What a Missionary does: the inside story

I know that my information gets existential and that I can ramble on about whatever book I'm reading or whatever spiritual battle I've won or lost, but I think it's time you know the nitty-gritty.  What is it that I deal with on a daily basis?  Adolesence at it's height, magnified and multiplied by a hundred, and demands that I exaggerate in my head, but nontheless are quite demanding.

I live in a dorm room with nine girls ages 11-15.  This is not the ideal living situation for ANY young single woman trying to make herself known, write a book or two, get at least one measly story published anywhere, work on her skills as a photographer, find herself a man, AND never really quite getting around to doing those things because she has to figure out why a girl's period is awry, or someone's sick or needs to study.

Aside from all that I work in multimedia and audio/visual departments for Living Hope International, a non- profit in Puebla, Mexico that is really the big-wig name they put to gosh-darn successful orphanage that runs like an oiled machine, thanks to the fine folks who give their lives to such an endeavor.

My role seems to be diminishing in importance, though others around here would insist otherwise. Let's talk about what the heck "multimedia" is anyway. I'll tell you, I still haven't figured it out, but there is such a thing as social networking - not the kind we used to do at the chairman's cocktail parties, but the same breed of networking that our high schoolers are doing to scare up a date for Friday nights' bowling bonanza.

On top of that I write, and then re-write, and have other people step in and re-write it again just in case I might have mis-spelled "organisation." As if that would happen.

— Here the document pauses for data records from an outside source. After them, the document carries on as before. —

lemma uniform_limits_of_scaled_composition:
  fixes \<sigma> \<tau> :: "real \<Rightarrow> complex" and P Q :: "complex \<Rightarrow> complex"
  assumes K: "compact K" and t0: "t0 \<in> S"
    and \<sigma>: "continuous_on S \<sigma>" and \<tau>: "continuous_on S \<tau>"
    and dQ: "\<And>w. Q differentiable (at w)"
    and DQ: "\<And>v. v \<in> {1, \<i>} \<Longrightarrow> continuous_on UNIV (\<lambda>w. frechet_derivative Q (at w) v)"
    and dP: "\<And>z. z \<in> U \<Longrightarrow> P differentiable (at z)"
    and DP: "\<And>v. v \<in> {1, \<i>} \<Longrightarrow> continuous_on U (\<lambda>z. frechet_derivative P (at z) v)"
    and inU: "\<And>t w. w \<in> K \<Longrightarrow> \<tau> t * Q w \<in> U"
  defines "\<Phi> \<equiv> \<lambda>t w. \<sigma> t * P (\<tau> t * Q w)"
  shows "uniform_limit K \<Phi> (\<Phi> t0) (at t0 within S)"
    and "v \<in> {1, \<i>} \<Longrightarrow> uniform_limit K (\<lambda>t w. frechet_derivative (\<Phi> t) (at w) v)
           (\<lambda>w. frechet_derivative (\<Phi> t0) (at w) v) (at t0 within S)"
proof -
  define inner where "inner p = \<tau> (fst p) * Q (snd p)" for p :: "real \<times> complex"
  have inner_U: "inner ` (S \<times> K) \<subseteq> U" using inU by (auto simp: inner_def)
  have c\<sigma>: "continuous_on (S \<times> K) (\<lambda>p. \<sigma> (fst p))"
    by (rule continuous_on_compose2[OF \<sigma>]) (auto intro!: continuous_intros)
  have c\<tau>: "continuous_on (S \<times> K) (\<lambda>p. \<tau> (fst p))"
    by (rule continuous_on_compose2[OF \<tau>]) (auto intro!: continuous_intros)
  have "continuous_on UNIV Q"
    using dQ by (meson continuous_at_imp_continuous_on differentiable_imp_continuous_within)
  then have "continuous_on (S \<times> K) (\<lambda>p. Q (snd p))"
    by (rule continuous_on_compose2) (auto intro!: continuous_intros)
  then have c_inner: "continuous_on (S \<times> K) inner"
    unfolding inner_def using c\<tau> by (rule continuous_on_mult[rotated])
  have "continuous_on U P"
    using dP by (meson continuous_at_imp_continuous_on differentiable_imp_continuous_within)
  then have "continuous_on (S \<times> K) (\<lambda>p. P (inner p))"
    by (rule continuous_on_compose2[OF _ c_inner inner_U])
  then have "continuous_on (S \<times> K) (\<lambda>p. \<sigma> (fst p) * P (inner p))"
    by (rule continuous_on_mult[OF c\<sigma>])
  then show "uniform_limit K \<Phi> (\<Phi> t0) (at t0 within S)"
    unfolding \<Phi>_def inner_def by (rule uniform_limit_of_continuous_on_prod[OF K _ t0])
  assume v: "v \<in> {1, \<i>}"
  define DPz where "DPz z = frechet_derivative P (at z)" for z
  define DQw where "DQw w = frechet_derivative Q (at w)" for w
  have deriv: "frechet_derivative (\<Phi> t) (at w) v = \<sigma> t * DPz (inner (t, w)) (\<tau> t * DQw w v)"
    if "w \<in> K" for t w
  proof -
    have "(Q has_derivative DQw w) (at w)" unfolding DQw_def using dQ frechet_derivative_works by blast
    then have "((\<lambda>w. \<tau> t * Q w) has_derivative (\<lambda>x. \<tau> t * DQw w x)) (at w)"
      by (rule has_derivative_mult_right)
    moreover have "(P has_derivative DPz (\<tau> t * Q w)) (at (\<tau> t * Q w))"
      unfolding DPz_def using dP[OF inU[OF that]] frechet_derivative_works by blast
    ultimately have "(\<Phi> t has_derivative (\<lambda>x. \<sigma> t * DPz (\<tau> t * Q w) (\<tau> t * DQw w x))) (at w)"
      unfolding \<Phi>_def by (intro has_derivative_mult_right) (rule has_derivative_compose)
    then show ?thesis by (simp add: frechet_derivative_at[symmetric] inner_def)
  qed
  have "continuous_on (S \<times> K) (\<lambda>p. DPz (inner p) (\<tau> (fst p) * DQw (snd p) v))"
  proof (rule continuous_on_linear_apply[where L = "\<lambda>p. DPz (inner p)"])
    show "linear (DPz (inner p))" if "p \<in> S \<times> K" for p
      using dP inner_U that unfolding DPz_def by (blast intro: linear_frechet_derivative)
    have "continuous_on (S \<times> K) (\<lambda>p. DPz (inner p) u)" if "u \<in> {1, \<i>}" for u
      unfolding DPz_def by (rule continuous_on_compose2[OF DP[OF that] c_inner inner_U])
    then show "continuous_on (S \<times> K) (\<lambda>p. DPz (inner p) 1)" "continuous_on (S \<times> K) (\<lambda>p. DPz (inner p) \<i>)"
      by simp_all
    have "continuous_on (S \<times> K) (\<lambda>p. DQw (snd p) v)"
      unfolding DQw_def by (rule continuous_on_compose2[OF DQ[OF v]]) (auto intro!: continuous_intros)
    then show "continuous_on (S \<times> K) (\<lambda>p. \<tau> (fst p) * DQw (snd p) v)"
      by (rule continuous_on_mult[OF c\<tau>])
  qed
  then have "continuous_on (S \<times> K) (\<lambda>p. \<sigma> (fst p) * DPz (inner (fst p, snd p)) (\<tau> (fst p) * DQw (snd p) v))"
    by (simp add: continuous_on_mult[OF c\<sigma>])
  then have "uniform_limit K (\<lambda>t w. \<sigma> t * DPz (inner (t, w)) (\<tau> t * DQw w v))
      (\<lambda>w. \<sigma> t0 * DPz (inner (t0, w)) (\<tau> t0 * DQw w v)) (at t0 within S)"
    by (rule uniform_limit_of_continuous_on_prod[OF K _ t0])
  then show "uniform_limit K (\<lambda>t w. frechet_derivative (\<Phi> t) (at w) v)
      (\<lambda>w. frechet_derivative (\<Phi> t0) (at w) v) (at t0 within S)"
    by (subst uniform_limit_cong'[OF deriv deriv]) auto
qed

Then I am a photographer.  The greatest trial of a missionary, or anyone who serves the Lord, or just breathes air for that matter, is the mundane.  I am the toilet-scrubber of all photographers, and creativity, art, and expression is substituted for a word that I have grown to both embrace and develop a certain distaste for: "concept." Oh, this is the first word you'd hear in a marketing meeting, so it's logical it would come up in the same discussions for a bi-monthly newsletter, but that's not the point.

I can deliver!  I don't disenjoy the execution of such duties, and thank God that I have this opportunity to try to squeeze in some of that creativity and expression in these works of missional art.  I admit my pride likes to squeak in and I get a little huffy on the inside because sometimes the concept wasn't "my" idea.  A lot like being in an assembly line, painting the toy airplane a beautiful red even though you wanted it to be electric blue because it's "more to your taste."

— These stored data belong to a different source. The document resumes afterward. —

(* Let $r>1$ and let $k,\ell,m$ be arbitrary positive integers. Let $n$ be the number of vertices of the $(k,\ell,m)$-megastar, choose $x_0$ uniformly at random from its vertex set, and run the Moran process with fitness $r$ on it with initial mutant $x_0$. Then the process fixates with probability at most $1-1/(52r^2\sqrt{n})$.
   Context: Moran process: given a directed graph $G$ and fitness $r$, one vertex $x_0$ is a mutant, the rest non-mutants. At each step a vertex $v$ is chosen with probability proportional to fitness (mutants $r$, non-mutants $1$), an out-neighbour $w$ of $v$ is chosen uniformly at random and the state of $v$ is copied to $w$. Fixation: eventually every vertex is a mutant. The $(k,\ell,m)$-megastar: disjoint union of reservoirs $R_1,\dots,R_\ell$ (size $m$), cliques $K_1,\dots,K_\ell$ (size $k$), feeders $a_1,\dots,a_\ell$, and centre $v^*$ (so $n=1+\ell(m+k+1)$); edges from $v^*$ to all reservoir vertices, from each vertex of $R_i$ to $a_i$, from $a_i$ to each vertex of $K_i$, both directions between distinct vertices of each $K_i$, and from every clique vertex to $v^*$. *)

theory Defs
  imports Complex_Main
begin

text \<open>A directed graph is given by a finite vertex set V and an out-neighbour
  function out (out v is the set of out-neighbours of v).
  States of the Moran process are the sets of mutant vertices.\<close>

definition fitness :: "real \<Rightarrow> 'a set \<Rightarrow> 'a \<Rightarrow> real" where
  "fitness r S v = (if v \<in> S then r else 1)"

definition total_fitness :: "'a set \<Rightarrow> real \<Rightarrow> 'a set \<Rightarrow> real" where
  "total_fitness V r S = (\<Sum>v\<in>V. fitness r S v)"

definition moran_update :: "'a set \<Rightarrow> 'a \<Rightarrow> 'a \<Rightarrow> 'a set" where
  "moran_update S v w = (if v \<in> S then insert w S else S - {w})"

primrec fix_within :: "'a set \<Rightarrow> ('a \<Rightarrow> 'a set) \<Rightarrow> real \<Rightarrow> nat \<Rightarrow> 'a set \<Rightarrow> real" where
  "fix_within V out r 0 S = (if S = V then 1 else 0)"
| "fix_within V out r (Suc t) S =
     (\<Sum>v\<in>V. \<Sum>w\<in>out v.
        (fitness r S v / total_fitness V r S) * (1 / real (card (out v)))
        * fix_within V out r t (moran_update S v w))"

text \<open>Fixation probability: probability that eventually all vertices are mutants.
  Since the all-mutant state is absorbing, this is the limit of the t-step
  probabilities.\<close>
definition fixation_prob :: "'a set \<Rightarrow> ('a \<Rightarrow> 'a set) \<Rightarrow> real \<Rightarrow> 'a set \<Rightarrow> real" where
  "fixation_prob V out r S = lim (\<lambda>t. fix_within V out r t S)"

definition avg_fixation_prob :: "'a set \<Rightarrow> ('a \<Rightarrow> 'a set) \<Rightarrow> real \<Rightarrow> real" where
  "avg_fixation_prob V out r = (\<Sum>x\<in>V. fixation_prob V out r {x}) / real (card V)"

text \<open>The (k,l,m)-megastar. Reservoirs R_i = {Res i j | j<m}, cliques
  K_i = {Cl i j | j<k}, feeders Feed i, for i < l, and the centre.\<close>
datatype mvert = Centre | Res nat nat | Feed nat | Cl nat nat

definition megastar_V :: "nat \<Rightarrow> nat \<Rightarrow> nat \<Rightarrow> mvert set" where
  "megastar_V k l m = {Centre} \<union> {Res i j | i j. i < l \<and> j < m}
     \<union> {Feed i | i. i < l} \<union> {Cl i j | i j. i < l \<and> j < k}"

In this same vein I also edit video content, though I will say in this I'm a general novice, though I have great potential.  I realize I'm tooting my own horn, but in a way not really - I only repeat what I've heard on the street.

Then, and this is the great majority of who I am on this field, I am a mother. Not the lucky biological kind who got to have a little fun on the way before she earned the right to the title "Mom." Rather I'm the kind that decided out of the kindness of her heart, or out of selflessness (later to be dubbed "insanity"), or some-such thing to take care of some girls who would otherwise be sifting trash or worse. 

Pretty sure I have those same momma bear instincts, and goodness knows that a 13 year-old is going to get picked on just for the sole unvirtuous fact that she is loud, flirts, slams doors, and generally defies authority.  Poor things. 

But in fact this internal "stereotype" they've been labeled with is strikingly accurate, and my above sentiment quite sincere.  Daily they help me remember what a confusing time adolescence was, and how emotions are all over the place, and how much make-up or a braid could cheer me up.

This is my life, this is an outline, a very sterile outline of what I do with my time, with my life, and with my heart.

Unless someone like you cares a whole awful lot, nothing is going to get better.

I have found the paradox that if I love until it hurts, then there is no hurt, but only more love.